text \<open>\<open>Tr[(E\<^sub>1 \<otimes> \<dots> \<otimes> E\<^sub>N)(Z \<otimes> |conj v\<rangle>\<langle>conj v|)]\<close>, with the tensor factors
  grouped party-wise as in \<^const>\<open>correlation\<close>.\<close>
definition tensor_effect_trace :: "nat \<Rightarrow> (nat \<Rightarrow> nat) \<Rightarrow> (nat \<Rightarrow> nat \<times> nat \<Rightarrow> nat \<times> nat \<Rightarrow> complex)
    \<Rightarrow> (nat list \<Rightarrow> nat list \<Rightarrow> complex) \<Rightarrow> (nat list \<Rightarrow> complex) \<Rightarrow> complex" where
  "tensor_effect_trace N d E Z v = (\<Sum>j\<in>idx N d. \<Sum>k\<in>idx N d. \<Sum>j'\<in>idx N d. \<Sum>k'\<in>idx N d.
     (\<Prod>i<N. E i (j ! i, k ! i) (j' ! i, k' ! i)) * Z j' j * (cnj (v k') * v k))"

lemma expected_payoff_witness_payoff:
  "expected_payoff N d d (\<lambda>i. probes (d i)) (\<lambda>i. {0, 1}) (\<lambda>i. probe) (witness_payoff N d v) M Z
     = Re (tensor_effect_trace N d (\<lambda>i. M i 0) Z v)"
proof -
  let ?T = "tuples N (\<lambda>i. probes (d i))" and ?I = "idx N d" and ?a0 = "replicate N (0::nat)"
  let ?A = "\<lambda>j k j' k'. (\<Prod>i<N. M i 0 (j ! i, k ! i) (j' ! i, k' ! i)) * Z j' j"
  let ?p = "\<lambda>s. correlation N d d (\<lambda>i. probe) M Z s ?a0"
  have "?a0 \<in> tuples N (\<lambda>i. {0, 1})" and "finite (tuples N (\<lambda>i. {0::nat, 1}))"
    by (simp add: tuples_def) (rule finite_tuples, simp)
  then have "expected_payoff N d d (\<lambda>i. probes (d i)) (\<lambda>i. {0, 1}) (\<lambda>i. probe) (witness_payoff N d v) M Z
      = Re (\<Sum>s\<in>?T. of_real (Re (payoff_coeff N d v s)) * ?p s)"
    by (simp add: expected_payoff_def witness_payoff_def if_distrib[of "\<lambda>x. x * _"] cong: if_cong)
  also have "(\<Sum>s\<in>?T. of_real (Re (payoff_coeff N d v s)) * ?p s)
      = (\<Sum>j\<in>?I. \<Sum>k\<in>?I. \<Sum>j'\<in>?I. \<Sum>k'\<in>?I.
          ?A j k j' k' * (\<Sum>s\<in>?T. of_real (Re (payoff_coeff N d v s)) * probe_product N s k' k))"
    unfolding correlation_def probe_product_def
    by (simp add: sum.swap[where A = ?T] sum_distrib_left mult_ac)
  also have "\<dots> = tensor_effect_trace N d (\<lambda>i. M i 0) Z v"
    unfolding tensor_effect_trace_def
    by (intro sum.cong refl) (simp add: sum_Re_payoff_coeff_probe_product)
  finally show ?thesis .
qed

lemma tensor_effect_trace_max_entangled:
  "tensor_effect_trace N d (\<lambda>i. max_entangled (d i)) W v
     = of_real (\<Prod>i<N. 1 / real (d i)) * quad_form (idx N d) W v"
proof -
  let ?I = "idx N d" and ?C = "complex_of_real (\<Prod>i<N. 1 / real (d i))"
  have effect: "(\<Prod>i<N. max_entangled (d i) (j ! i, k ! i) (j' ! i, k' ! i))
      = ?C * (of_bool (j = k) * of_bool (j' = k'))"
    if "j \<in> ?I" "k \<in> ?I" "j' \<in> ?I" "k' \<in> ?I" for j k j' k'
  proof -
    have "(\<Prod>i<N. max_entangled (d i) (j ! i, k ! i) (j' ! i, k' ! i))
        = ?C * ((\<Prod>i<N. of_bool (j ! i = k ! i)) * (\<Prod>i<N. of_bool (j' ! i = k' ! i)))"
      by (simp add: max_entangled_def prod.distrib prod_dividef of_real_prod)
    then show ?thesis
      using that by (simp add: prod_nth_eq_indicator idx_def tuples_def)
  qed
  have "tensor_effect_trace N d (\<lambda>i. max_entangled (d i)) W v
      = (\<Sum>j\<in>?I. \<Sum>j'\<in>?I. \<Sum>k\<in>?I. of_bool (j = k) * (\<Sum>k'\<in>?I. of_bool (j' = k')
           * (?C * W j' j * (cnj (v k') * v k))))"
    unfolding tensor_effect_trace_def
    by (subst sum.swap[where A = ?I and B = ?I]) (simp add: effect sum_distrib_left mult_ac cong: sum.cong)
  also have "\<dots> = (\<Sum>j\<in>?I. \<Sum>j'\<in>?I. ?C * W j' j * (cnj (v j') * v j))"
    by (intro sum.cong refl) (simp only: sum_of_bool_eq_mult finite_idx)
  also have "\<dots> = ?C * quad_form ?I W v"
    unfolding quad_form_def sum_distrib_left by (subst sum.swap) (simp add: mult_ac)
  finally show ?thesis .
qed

§ §

### Task to complete
A word-for-word copy of all the entries above is required.

### Response to this exercise
text \<open>\<open>Tr[(E\<^sub>1 \<otimes> \<dots> \<otimes> E\<^sub>N)(Z \<otimes> |conj v\<rangle>\<langle>conj v|)]\<close>, with the tensor factors
  grouped party-wise as in \<^const>\<open>correlation\<close>.\<close>
definition tensor_effect_trace :: "nat \<Rightarrow> (nat \<Rightarrow> nat) \<Rightarrow> (nat \<Rightarrow> nat \<times> nat \<Rightarrow> nat \<times> nat \<Rightarrow> complex)
    \<Rightarrow> (nat list \<Rightarrow> nat list \<Rightarrow> complex) \<Rightarrow> (nat list \<Rightarrow> complex) \<Rightarrow> complex" where
  "tensor_effect_trace N d E Z v = (\<Sum>j\<in>idx N d. \<Sum>k\<in>idx N d. \<Sum>j'\<in>idx N d. \<Sum>k'\<in>idx N d.
     (\<Prod>i<N. E i (j ! i, k ! i) (j' ! i, k' ! i)) * Z j' j * (cnj (v k') * v k))"

lemma expected_payoff_witness_payoff:
  "expected_payoff N d d (\<lambda>i. probes (d i)) (\<lambda>i. {0, 1}) (\<lambda>i. probe) (witness_payoff N d v) M Z
     = Re (tensor_effect_trace N d (\<lambda>i. M i 0) Z v)"
proof -
  let ?T = "tuples N (\<lambda>i. probes (d i))" and ?I = "idx N d" and ?a0 = "replicate N (0::nat)"
  let ?A = "\<lambda>j k j' k'. (\<Prod>i<N. M i 0 (j ! i, k ! i) (j' ! i, k' ! i)) * Z j' j"
  let ?p = "\<lambda>s. correlation N d d (\<lambda>i. probe) M Z s ?a0"
  have "?a0 \<in> tuples N (\<lambda>i. {0, 1})" and "finite (tuples N (\<lambda>i. {0::nat, 1}))"
    by (simp add: tuples_def) (rule finite_tuples, simp)
  then have "expected_payoff N d d (\<lambda>i. probes (d i)) (\<lambda>i. {0, 1}) (\<lambda>i. probe) (witness_payoff N d v) M Z
      = Re (\<Sum>s\<in>?T. of_real (Re (payoff_coeff N d v s)) * ?p s)"
    by (simp add: expected_payoff_def witness_payoff_def if_distrib[of "\<lambda>x. x * _"] cong: if_cong)
  also have "(\<Sum>s\<in>?T. of_real (Re (payoff_coeff N d v s)) * ?p s)
      = (\<Sum>j\<in>?I. \<Sum>k\<in>?I. \<Sum>j'\<in>?I. \<Sum>k'\<in>?I.
          ?A j k j' k' * (\<Sum>s\<in>?T. of_real (Re (payoff_coeff N d v s)) * probe_product N s k' k))"
    unfolding correlation_def probe_product_def
    by (simp add: sum.swap[where A = ?T] sum_distrib_left mult_ac)
  also have "\<dots> = tensor_effect_trace N d (\<lambda>i. M i 0) Z v"
    unfolding tensor_effect_trace_def
    by (intro sum.cong refl) (simp add: sum_Re_payoff_coeff_probe_product)
  finally show ?thesis .
qed

lemma tensor_effect_trace_max_entangled:
  "tensor_effect_trace N d (\<lambda>i. max_entangled (d i)) W v
     = of_real (\<Prod>i<N. 1 / real (d i)) * quad_form (idx N d) W v"
proof -
  let ?I = "idx N d" and ?C = "complex_of_real (\<Prod>i<N. 1 / real (d i))"
  have effect: "(\<Prod>i<N. max_entangled (d i) (j ! i, k ! i) (j' ! i, k' ! i))
      = ?C * (of_bool (j = k) * of_bool (j' = k'))"
    if "j \<in> ?I" "k \<in> ?I" "j' \<in> ?I" "k' \<in> ?I" for j k j' k'
  proof -
    have "(\<Prod>i<N. max_entangled (d i) (j ! i, k ! i) (j' ! i, k' ! i))
        = ?C * ((\<Prod>i<N. of_bool (j ! i = k ! i)) * (\<Prod>i<N. of_bool (j' ! i = k' ! i)))"
      by (simp add: max_entangled_def prod.distrib prod_dividef of_real_prod)
    then show ?thesis
      using that by (simp add: prod_nth_eq_indicator idx_def tuples_def)
  qed
  have "tensor_effect_trace N d (\<lambda>i. max_entangled (d i)) W v
      = (\<Sum>j\<in>?I. \<Sum>j'\<in>?I. \<Sum>k\<in>?I. of_bool (j = k) * (\<Sum>k'\<in>?I. of_bool (j' = k')
           * (?C * W j' j * (cnj (v k') * v k))))"
    unfolding tensor_effect_trace_def
    by (subst sum.swap[where A = ?I and B = ?I]) (simp add: effect sum_distrib_left mult_ac cong: sum.cong)
  also have "\<dots> = (\<Sum>j\<in>?I. \<Sum>j'\<in>?I. ?C * W j' j * (cnj (v j') * v j))"
    by (intro sum.cong refl) (simp only: sum_of_bool_eq_mult finite_idx)
  also have "\<dots> = ?C * quad_form ?I W v"
    unfolding quad_form_def sum_distrib_left by (subst sum.swap) (simp add: mult_ac)
  finally show ?thesis .
qed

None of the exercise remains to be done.